● What to produce:
Begin with the line containing "by (rule definable_Collect_Ball[OF" and reproduce it and all later lines exactly, through the last line of the records. Add nothing else.

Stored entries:
-.-.-

lemma subgroup_stabiliser: "subgroup (stabiliser A) (grp G mul e)"
proof (rule subgroupI)
  show "stabiliser A \<subseteq> carrier (grp G mul e)" unfolding stabiliser_def by auto
  have "e \<in> stabiliser A" unfolding stabiliser_def by simp
  then show "stabiliser A \<noteq> {}" by blast
next
  fix h assume "h \<in> stabiliser A"
  then have h: "h \<in> G" "\<And>u. u \<in> G \<Longrightarrow> mul h u \<in> A \<longleftrightarrow> u \<in> A"
    unfolding stabiliser_def by auto
  have "mul (ginv h) u \<in> A \<longleftrightarrow> u \<in> A" if "u \<in> G" for u
    using h(2)[of "mul (ginv h) u"] h(1) that by simp
  then show "ginv h \<in> stabiliser A" unfolding stabiliser_def using h(1) by simp
next
  fix h1 h2 assume "h1 \<in> stabiliser A" "h2 \<in> stabiliser A"
  then show "h1 \<otimes>\<^bsub>grp G mul e\<^esub> h2 \<in> stabiliser A"
    unfolding stabiliser_def by (simp add: mul_assoc)
qed

lemma stabiliser_eq_carrierD:
  assumes "A \<subseteq> G" "a \<in> A" "stabiliser A = G"
  shows "A = G"
proof
  show "G \<subseteq> A"
  proof
    fix y assume y: "y \<in> G"
    have "a \<in> G" using assms by blast
    then have "mul y (ginv a) \<in> stabiliser A" using assms(3) y by simp
    then have "mul (mul y (ginv a)) a \<in> A \<longleftrightarrow> a \<in> A"
      using \<open>a \<in> G\<close> unfolding stabiliser_def by blast
    then have "mul (mul y (ginv a)) a \<in> A" using assms(2) by blast
    then show "y \<in> A" using y \<open>a \<in> G\<close> by (simp add: mul_assoc)
  qed
qed (rule assms(1))

lemma definable_stabiliser:
  assumes "A \<in> S n" shows "stabiliser A \<in> S n"
proof -
  have "{x \<in> G. \<forall>y\<in>G. x \<in> G \<and> y \<in> G \<and> (mul x y \<in> A \<longleftrightarrow> y \<in> A)} \<in> S n"
    by (rule definable_Collect_Ball[OF definable_rel_mul_mem_iff[OF assms]
          topspace_definable[unfolded topspace_eq]])
  also have "{x \<in> G. \<forall>y\<in>G. x \<in> G \<and> y \<in> G \<and> (mul x y \<in> A \<longleftrightarrow> y \<in> A)} = stabiliser A"
    unfolding stabiliser_def by blast
  finally show ?thesis .
qed

definition normal_core :: "'m list set \<Rightarrow> 'm list set" where
  "normal_core H = {x \<in> G. \<forall>g\<in>G. conjugate x g \<in> H}"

-.-.-

● Written response:
    by (rule definable_Collect_Ball[OF definable_rel_mul_mem_iff[OF assms]
          topspace_definable[unfolded topspace_eq]])
  also have "{x \<in> G. \<forall>y\<in>G. x \<in> G \<and> y \<in> G \<and> (mul x y \<in> A \<longleftrightarrow> y \<in> A)} = stabiliser A"
    unfolding stabiliser_def by blast
  finally show ?thesis .
qed

definition normal_core :: "'m list set \<Rightarrow> 'm list set" where
  "normal_core H = {x \<in> G. \<forall>g\<in>G. conjugate x g \<in> H}"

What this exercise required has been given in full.